The US Navy's Warfare Systems Command Just Paid Millions To Stay On Windows XP
itwbennett writes: The Navy relies on a number of legacy applications and programs that are reliant on legacy Windows products,' said Steven Davis, a spokesman for the Space and Naval Warfare Systems Command in San Diego. And that reliance on obsolete technology is costing taxpayers a pretty penny. The Space and Naval Warfare Systems Command, which runs the Navy's communications and information networks, signed a $9.1 million contract earlier this month for continued access to security patches for Windows XP, Office 2003, Exchange 2003 and Windows Server 2003.
XP, being NT, still has the POSIX subsystem. It probably still works with NetBSD's pkgsrc, too.

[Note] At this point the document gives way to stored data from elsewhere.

(* Let $m>0$ and $a_1,a_2\in(-\infty,4m^2)$. For every $b_2\in\mathbb{R}$ there exist $b_0,b_1\in\mathbb{R}$ such that the equation $$\gamma(a_1-\gamma)(a_2-\gamma)J(\gamma)=b_0+b_1\gamma+b_2\gamma^2$$ admits three distinct real solutions $\gamma_0,\gamma_1,\gamma_2\in(-\infty,4m^2)$.
   Context: $\rho(M)=\frac{1}{16\pi^2}\sqrt{1-\frac{4m^2}{M}}\frac1M$ for $M\ge4m^2$, and $J(\gamma)=\int_{4m^2}^\infty\frac{\rho(M)}{M-\gamma}dM$ for $\gamma<4m^2$. *)

theory Defs
  imports "HOL-Analysis.Analysis"
begin

definition rho :: "real \<Rightarrow> real \<Rightarrow> real" where
  "rho m M = 1 / (16 * pi^2) * sqrt (1 - 4 * m^2 / M) * (1 / M)"

definition J :: "real \<Rightarrow> real \<Rightarrow> real" where
  "J m \<gamma> = (LBINT M:{4 * m^2..}. rho m M / (M - \<gamma>))"

end

theory Submission
  imports Defs "HOL-Real_Asymp.Real_Asymp"
begin

(* Substituting M = 4 m^2 / (1 - v^2) turns J into a proper integral over [0, 1] that can be
   evaluated in closed form: gamma J(gamma) = (1 - t (pi/2 - arctan t)) / (8 pi^2) with
   t = sqrt ((4 m^2 - gamma) / gamma). Writing gamma = 4 m^2 - e^2, the function
   G(gamma) = gamma (a1 - gamma) (a2 - gamma) J(gamma) - b2 gamma^2 is therefore differentiable in e
   at e = 0 with negative derivative (because (a1 - 4 m^2) (a2 - 4 m^2) > 0), so G lies strictly
   below its chord over [4 m^2 - 4 e^2, 4 m^2] at the point 4 m^2 - e^2. Lowering that chord slightly
   gives a line that G crosses twice near the threshold. As gamma -> -infinity, G behaves like
   -gamma^2 ln |gamma| / (64 pi^2) and drops below every line, which yields a third crossing by the
   intermediate value theorem. *)

definition J_integrand :: "real \<Rightarrow> real \<Rightarrow> real \<Rightarrow> real" where
  "J_integrand s \<gamma> v = v\<^sup>2 / (s - \<gamma> + \<gamma> * v\<^sup>2)"

lemma J_integrand_denominator_pos:
  fixes s \<gamma> v :: real
  assumes "0 < s" "\<gamma> \<le> s" "0 \<le> v" "v \<le> 1" "\<gamma> < s \<or> 0 < v"
  shows "0 < s - \<gamma> + \<gamma> * v\<^sup>2"
proof (cases "v = 0")
  case True
  then show ?thesis
    using assms by simp
next
  case False
  have "0 \<le> (s - \<gamma>) * (1 - v\<^sup>2)"
    using assms by (simp add: power_le_one)
  moreover have "0 < s * v\<^sup>2"
    using assms False by simp
  ultimately show ?thesis
    by (simp add: algebra_simps)
qed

Also, it's not so useless as you claim; Microsoft themselves used it internally for years to host Hotmail, and right up until Win8.1 it was a viable alternative to Cygwin for anybody with a compatible version of Windows (or who wanted to force it to run anyhow). It handles/handled some things, such as SetUID/SetGID, which Cygwin couldn't (and I believe still can't) emulate, supported case-sensitivity on NTFS (though this could be used to confuse the hell out of Win32 programs), had a couple of different choices of package managers available, and could compile and run most source code intended for *nix systems (third-party compatibility layers added support for some of Linux's extensions to POSIX).
There's no place I could be, since I've found Serenity...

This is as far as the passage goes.